So great question. Yeah. So we get these kind of deposits on earth
where typically large, but it doesn't have to be large, where bodies of water evaporate,
leaving behind salt deposits. So some of the places, if any of your listeners have been to
Death Valley, yeah, hands up, hands up. Yeah. If anyone has been to Death Valley or some of the other Great Salt Lake, perhaps, in Utah, these areas where there's lots of water coming in and lots of evaporation are areas where we get these huge salt deposits.
There are also smaller areas on Earth where we get them.
And we think that this is actually the better analogy for Mars.
One other place that we get them is Antarctica.

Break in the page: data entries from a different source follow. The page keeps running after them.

text \<open>Flipping the sign of one square root only permutes the factors of \<open>g\<close>, so \<open>g\<close> is a
  polynomial in \<open>R\<close> and the squares \<open>k\<^sub>\<mu>\<^sup>2 R - \<omega>\<^sub>\<mu>\<^sup>2\<close>, hence in \<open>R\<close> alone; for the same
  reason it does not depend on the choice of the square roots. Its degree is \<open>2^n\<close> because
  \<open>x^(2^n) g(1/x)\<close> tends to \<open>\<Prod>\<^sub>\<sigma> (-1) = 1\<close> as \<open>x \<rightarrow> 0\<^sup>+\<close>.
  For the factor \<open>R\<^sup>2\<close>, choose near \<open>R = 0\<close> the roots close to \<open>\<i> \<omega>\<^sub>\<mu>\<close>. Since
  \<open>\<Sum> \<omega>\<^sub>\<mu> = 0\<close>, the two constant sign vectors give factors of size \<open>O(|R|)\<close>. If some
  \<open>\<omega>\<^sub>\<mu>\<close> vanishes, its root \<open>\<surd>(k\<^sub>\<mu>\<^sup>2 R)\<close> is only \<open>O(\<surd>|R|)\<close>, but then the four sign vectors
  that are constant away from that index give factors of size \<open>O(\<surd>|R|)\<close>. Either way
  \<open>g(R) = O(|R|\<^sup>2)\<close>.\<close>

section \<open>Polynomial functions of several variables\<close>

inductive mpoly_fun :: "((nat \<Rightarrow> complex) \<Rightarrow> complex) \<Rightarrow> bool" where
  mpoly_fun_const: "mpoly_fun (\<lambda>v. c)"
| mpoly_fun_var: "mpoly_fun (\<lambda>v. v i)"
| mpoly_fun_add: "mpoly_fun f \<Longrightarrow> mpoly_fun g \<Longrightarrow> mpoly_fun (\<lambda>v. f v + g v)"
| mpoly_fun_mult: "mpoly_fun f \<Longrightarrow> mpoly_fun g \<Longrightarrow> mpoly_fun (\<lambda>v. f v * g v)"

lemma mpoly_fun_subst:
  assumes "mpoly_fun f" and "\<And>i. mpoly_fun (g i)"
  shows "mpoly_fun (\<lambda>v. f (\<lambda>i. g i v))"
  using assms(1) by induction (use assms(2) in \<open>auto intro: mpoly_fun.intros\<close>)

lemma mpoly_fun_diff: "mpoly_fun f \<Longrightarrow> mpoly_fun g \<Longrightarrow> mpoly_fun (\<lambda>v. f v - g v)"
  using mpoly_fun_add[OF _ mpoly_fun_mult[OF mpoly_fun_const[of "-1"]], of f g] by simp

lemma mpoly_fun_poly_compose:
  assumes "mpoly_fun f"
  shows "\<exists>p. \<forall>R. f (\<lambda>i. poly (q i) R) = poly p R"
  using assms
proof induction
  case (mpoly_fun_const c)
  show ?case by (rule exI[of _ "[:c:]"]) simp
next
  case (mpoly_fun_var i)
  show ?case by (rule exI[of _ "q i"]) simp
next
  case (mpoly_fun_add f g)
  then obtain p p' where "\<forall>R. f (\<lambda>i. poly (q i) R) = poly p R" "\<forall>R. g (\<lambda>i. poly (q i) R) = poly p' R"
    by blast
  then show ?case by (intro exI[of _ "p + p'"]) simp
next
  case (mpoly_fun_mult f g)
  then obtain p p' where "\<forall>R. f (\<lambda>i. poly (q i) R) = poly p R" "\<forall>R. g (\<lambda>i. poly (q i) R) = poly p' R"
    by blast
  then show ?case by (intro exI[of _ "p * p'"]) simp
qed

text \<open>In \<open>case_nat (s\<^sup>2) v\<close> the value \<open>s\<^sup>2\<close> becomes the new variable 0 and the old
  variables are shifted up by one.\<close>

lemma mpoly_fun_shift_decompose:
  assumes "mpoly_fun f"
  shows "\<exists>E Od. mpoly_fun E \<and> mpoly_fun Od \<and>
    (\<forall>v s. f (v(0 := v 0 + s)) = E (case_nat (s\<^sup>2) v) + s * Od (case_nat (s\<^sup>2) v))"
  using assms
proof induction
  case (mpoly_fun_const c)
  show ?case
    by (intro exI[of _ "\<lambda>w. c"] exI[of _ "\<lambda>w. 0"]) (simp add: mpoly_fun.intros)
next
  case (mpoly_fun_var i)
  show ?case
  proof (cases i)
    case 0
    then show ?thesis
      by (intro exI[of _ "\<lambda>w. w 1"] exI[of _ "\<lambda>w. 1"]) (simp add: mpoly_fun.intros)
  next
    case Suc
    then show ?thesis
      by (intro exI[of _ "\<lambda>w. w (Suc i)"] exI[of _ "\<lambda>w. 0"]) (simp add: mpoly_fun.intros)
  qed
next
  case (mpoly_fun_add f g)
  then obtain E1 Od1 E2 Od2 where "mpoly_fun E1" "mpoly_fun Od1" "mpoly_fun E2" "mpoly_fun Od2"
    and f: "\<And>v s. f (v(0 := v 0 + s)) = E1 (case_nat (s\<^sup>2) v) + s * Od1 (case_nat (s\<^sup>2) v)"
    and g: "\<And>v s. g (v(0 := v 0 + s)) = E2 (case_nat (s\<^sup>2) v) + s * Od2 (case_nat (s\<^sup>2) v)"
    by metis
  then show ?case
    by (intro exI[of _ "\<lambda>w. E1 w + E2 w"] exI[of _ "\<lambda>w. Od1 w + Od2 w"] conjI allI
        mpoly_fun.intros, simp_all only: f g) (simp add: algebra_simps)
next
  case (mpoly_fun_mult f g)
  then obtain E1 Od1 E2 Od2 where "mpoly_fun E1" "mpoly_fun Od1" "mpoly_fun E2" "mpoly_fun Od2"
    and f: "\<And>v s. f (v(0 := v 0 + s)) = E1 (case_nat (s\<^sup>2) v) + s * Od1 (case_nat (s\<^sup>2) v)"
    and g: "\<And>v s. g (v(0 := v 0 + s)) = E2 (case_nat (s\<^sup>2) v) + s * Od2 (case_nat (s\<^sup>2) v)"
    by metis
  then show ?case
    by (intro exI[of _ "\<lambda>w. E1 w * E2 w + w 0 * Od1 w * Od2 w"]
        exI[of _ "\<lambda>w. E1 w * Od2 w + Od1 w * E2 w"] conjI allI mpoly_fun.intros,
        simp_all only: f g) (simp add: power2_eq_square algebra_simps)
qed

lemma mpoly_fun_shift_product:
  assumes "mpoly_fun f"
  shows "\<exists>h. mpoly_fun h \<and> (\<forall>v s. f (v(0 := v 0 + s)) * f (v(0 := v 0 - s)) = h (case_nat (s\<^sup>2) v))"
proof -
  obtain E Od where "mpoly_fun E" "mpoly_fun Od"
    and EO: "\<And>v s. f (v(0 := v 0 + s)) = E (case_nat (s\<^sup>2) v) + s * Od (case_nat (s\<^sup>2) v)"
    using mpoly_fun_shift_decompose[OF assms] by metis
  have minus: "f (v(0 := v 0 - s)) = E (case_nat (s\<^sup>2) v) - s * Od (case_nat (s\<^sup>2) v)" for v s
    using EO[of v "-s"] by simp
  have "f (v(0 := v 0 + s)) * f (v(0 := v 0 - s)) =
      (\<lambda>w. E w * E w - w 0 * (Od w * Od w)) (case_nat (s\<^sup>2) v)" for v s
    by (simp only: EO minus) (simp add: algebra_simps power2_eq_square)
  moreover have "mpoly_fun (\<lambda>w. E w * E w - w 0 * (Od w * Od w))"
    using \<open>mpoly_fun E\<close> \<open>mpoly_fun Od\<close> by (intro mpoly_fun_diff mpoly_fun.intros)
  ultimately show ?thesis by blast
qed

section \<open>Products over sign vectors\<close>

lemma finite_sign_vectors: "finite (sign_vectors n)"
  unfolding sign_vectors_def by (simp add: finite_PiE)

lemma card_sign_vectors: "card (sign_vectors n) = 2 ^ n"
  unfolding sign_vectors_def by (simp add: card_PiE numeral_2_eq_2)

lemma sign_vectors_abs: "\<sigma> \<in> sign_vectors n \<Longrightarrow> \<mu> < n \<Longrightarrow> \<bar>\<sigma> \<mu>\<bar> = 1"
  unfolding sign_vectors_def by (force simp: PiE_iff)

lemma prod_sign_vectors_Suc:
  "(\<Prod>\<sigma>\<in>sign_vectors (Suc m). F \<sigma>) = (\<Prod>\<sigma>\<in>sign_vectors m. F (\<sigma>(m := 1)) * F (\<sigma>(m := -1)))"
proof -
  have split: "sign_vectors (Suc m) = (\<lambda>(c, \<sigma>). \<sigma>(m := c)) ` ({-1, 1} \<times> sign_vectors m)"
    unfolding sign_vectors_def by (simp add: atLeast0_lessThan_Suc PiE_insert_eq)
  have inj: "inj_on (\<lambda>(c, \<sigma>). \<sigma>(m := c)) ({-1, 1} \<times> sign_vectors m)"
    unfolding sign_vectors_def using inj_combinator[of m "{0..<m}" "\<lambda>_. {-1, 1::real}"] by simp
  have "(\<Prod>\<sigma>\<in>sign_vectors (Suc m). F \<sigma>) = (\<Prod>c\<in>{-1, 1}. \<Prod>\<sigma>\<in>sign_vectors m. F (\<sigma>(m := c)))"
    unfolding split prod.reindex[OF inj] by (simp add: prod.cartesian_product case_prod_beta)
  also have "\<dots> = (\<Prod>\<sigma>\<in>sign_vectors m. \<Prod>c\<in>{-1, 1}. F (\<sigma>(m := c)))"
    by (rule prod.swap)
  finally show ?thesis by (simp add: mult.commute)
qed

definition sign_prod :: "nat \<Rightarrow> complex \<Rightarrow> (nat \<Rightarrow> complex) \<Rightarrow> complex" where
  "sign_prod m X t = (\<Prod>\<sigma>\<in>sign_vectors m. X + (\<Sum>\<mu><m. of_real (\<sigma> \<mu>) * t \<mu>))"

lemma sign_prod_0 [simp]: "sign_prod 0 X t = X"
  by (simp add: sign_prod_def sign_vectors_def)

lemma sign_prod_Suc: "sign_prod (Suc m) X t = sign_prod m (X + t m) t * sign_prod m (X - t m) t"
  unfolding sign_prod_def prod_sign_vectors_Suc prod.distrib[symmetric]
  by (simp add: lessThan_Suc algebra_simps)

lemma sign_prod_mpoly_fun:
  "\<exists>f. mpoly_fun f \<and> (\<forall>v t. (\<forall>\<mu><m. (t \<mu>)\<^sup>2 = v (Suc \<mu>)) \<longrightarrow> sign_prod m (v 0) t = f v)"
proof (induction m)
  case 0
  show ?case by (intro exI[of _ "\<lambda>v. v 0"]) (simp add: mpoly_fun_var)
next
  case (Suc m)
  then obtain f where "mpoly_fun f"
    and f: "\<And>v t. \<forall>\<mu><m. (t \<mu>)\<^sup>2 = v (Suc \<mu>) \<Longrightarrow> sign_prod m (v 0) t = f v"
    by blast
  obtain h where "mpoly_fun h"
    and h: "\<And>v s. f (v(0 := v 0 + s)) * f (v(0 := v 0 - s)) = h (case_nat (s\<^sup>2) v)"
    using mpoly_fun_shift_product[OF \<open>mpoly_fun f\<close>] by blast
  have "mpoly_fun (\<lambda>v. h (\<lambda>i. case_nat (v (Suc m)) v i))"
  proof (rule mpoly_fun_subst[OF \<open>mpoly_fun h\<close>])
    show "mpoly_fun (\<lambda>v. case_nat (v (Suc m)) v i)" for i
      by (cases i) (simp_all add: mpoly_fun_var)
  qed
  moreover have "sign_prod (Suc m) (v 0) t = h (case_nat (v (Suc m)) v)"
    if squares: "\<forall>\<mu><Suc m. (t \<mu>)\<^sup>2 = v (Suc \<mu>)" for v t
  proof -
    have "sign_prod m Y t = f (v(0 := Y))" for Y
      using f[of t "v(0 := Y)"] squares by simp
    then have "sign_prod (Suc m) (v 0) t = f (v(0 := v 0 + t m)) * f (v(0 := v 0 - t m))"
      by (simp add: sign_prod_Suc)
    also have "\<dots> = h (case_nat (v (Suc m)) v)"
      using squares by (simp add: h)
    finally show ?thesis .
  qed
  ultimately show ?case by blast
qed

corollary sign_prod_cong_squares:
  assumes "\<And>\<mu>. \<mu> < m \<Longrightarrow> (t \<mu>)\<^sup>2 = (s \<mu>)\<^sup>2"
  shows "sign_prod m X t = sign_prod m X s"
proof -
  obtain f where f: "\<And>v t. \<forall>\<mu><m. (t \<mu>)\<^sup>2 = v (Suc \<mu>) \<Longrightarrow> sign_prod m (v 0) t = f v"
    using sign_prod_mpoly_fun by blast
  show ?thesis
    using f[of t "case_nat X (\<lambda>\<mu>. (s \<mu>)\<^sup>2)"] f[of s "case_nat X (\<lambda>\<mu>. (s \<mu>)\<^sup>2)"] assms
    by simp
qed

lemma gfun_eq_sign_prod:
  assumes "\<And>\<mu>. \<mu> < n \<Longrightarrow> (t \<mu>)\<^sup>2 = of_real ((k \<mu>)\<^sup>2) * R - of_real ((\<omega> \<mu>)\<^sup>2)"
  shows "gfun n \<omega> k R = sign_prod n (- R) (\<lambda>\<mu>. t \<mu> / of_nat n)"
proof -
  have "gfun n \<omega> k R =
      sign_prod n (- R) (\<lambda>\<mu>. csqrt (of_real ((k \<mu>)\<^sup>2) * R - of_real ((\<omega> \<mu>)\<^sup>2)) / of_nat n)"
    unfolding gfun_def sign_prod_def by (simp add: sum_distrib_left algebra_simps)
  also have "\<dots> = sign_prod n (- R) (\<lambda>\<mu>. t \<mu> / of_nat n)"
    by (rule sign_prod_cong_squares) (simp add: assms power_divide)
  finally show ?thesis .
qed

lemma gfun_polynomial: "\<exists>p. \<forall>R. gfun n \<omega> k R = poly p R"
proof -
  obtain f where "mpoly_fun f"
    and f: "\<And>v t. \<forall>\<mu><n. (t \<mu>)\<^sup>2 = v (Suc \<mu>) \<Longrightarrow> sign_prod n (v 0) t = f v"
    using sign_prod_mpoly_fun by blast
  define q :: "nat \<Rightarrow> complex poly" where "q = case_nat [:0, -1:]
    (\<lambda>\<mu>. [:- of_real ((\<omega> \<mu>)\<^sup>2), of_real ((k \<mu>)\<^sup>2):] * [:inverse ((of_nat n)\<^sup>2):])"
  obtain p where p: "\<And>R. f (\<lambda>i. poly (q i) R) = poly p R"
    using mpoly_fun_poly_compose[OF \<open>mpoly_fun f\<close>] by blast
  have "gfun n \<omega> k R = poly p R" for R
  proof -
    define t where "t = (\<lambda>\<mu>. csqrt (of_real ((k \<mu>)\<^sup>2) * R - of_real ((\<omega> \<mu>)\<^sup>2)) / of_nat n)"
    have "gfun n \<omega> k R = sign_prod n (- R) t"
      unfolding t_def by (rule gfun_eq_sign_prod) simp
    also have "\<dots> = f (\<lambda>i. poly (q i) R)"
      using f[of t "\<lambda>i. poly (q i) R"]
      by (simp add: q_def t_def power_divide divide_inverse power_inverse algebra_simps)
    finally show ?thesis by (simp add: p)
  qed
  then show ?thesis by blast
qed

section \<open>Degree\<close>

lemma tendsto_power_degree_mult_poly_inverse:
  fixes p :: "complex poly"
  shows "((\<lambda>x::real. of_real x ^ degree p * poly p (of_real (1 / x))) \<longlongrightarrow> lead_coeff p) (at_right 0)"
proof -
  have "((\<lambda>x::real. poly (reflect_poly p) (of_real x)) \<longlongrightarrow> poly (reflect_poly p) 0) (at_right 0)"
    by (intro tendsto_eq_intros) auto
  moreover have "eventually (\<lambda>x::real. poly (reflect_poly p) (of_real x) =
      of_real x ^ degree p * poly p (of_real (1 / x))) (at_right 0)"
    using eventually_at_right_less[of 0]
    by eventually_elim (simp add: poly_reflect_poly_nz of_real_inverse divide_inverse)
  ultimately show ?thesis
    by (simp add: poly_0_coeff_0 Lim_transform_eventually)
qed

There's a famous lake in Antarctica, Don Juan Pond. That's one of the saltiest bodies of water
on earth. And it's salty because it's fed by seasonal runoff from glaciers that picks up salts
and other materials from the surrounding rocks before it flows into this little valley at the
end of the
glacier, leading to this very salt-rich chloride pond. And there's actually another smaller one
just uphill from it. And we think this chain of salty lakes in Antarctica is probably the best
analog for what we're seeing in these chloride deposits on Mars. I'm also thinking of a salty
area that I'm unfortunately too familiar with,
and that's our own Salton Sea in Southern California, which has no outlet, but I believe
I've read that it's incredibly saline because it has all this stuff running into it that the water
then evaporates, right? That's right. That's right. It's that concentration of water flowing in,
and then the water leaves via evaporation, but the salts don't leave. They're left behind as a sort
of crust on the surface. And that was actually one of the other things that Ellen sleuthed as
she was doing this for her PhD. She realized that because since the discovery in 2008,
the Mars Reconnaissance Orbiter had continued to acquire data,
the later orbiter, Mars Reconnaissance Orbiter, with its high-rise camera and its context imager, CTX camera,
had continued to acquire color high-rise, enough imagery to make stereo pairs.
So she was able to sleuth out exactly how thick the chlorides were in many of these deposits.
And actually, they're pretty thin,
you know, like maybe a meter or two at most. They seem to be kind of like crusts, just like you'd
sort of get a salt crust, but on a slightly larger scale, you know, the upper, you can't see this on
the radio, I'm making my, you know, motions with my hands that show the upper foot or two was is
relatively salt enriched, but not beneath. You could see
little impact craters punching in that pulled up clean, typical Martian basaltic soil.
I read also in the paper or somewhere that while some of these are in these shallow depressions
that you mentioned, there are even some that are on slopes, which seems odd.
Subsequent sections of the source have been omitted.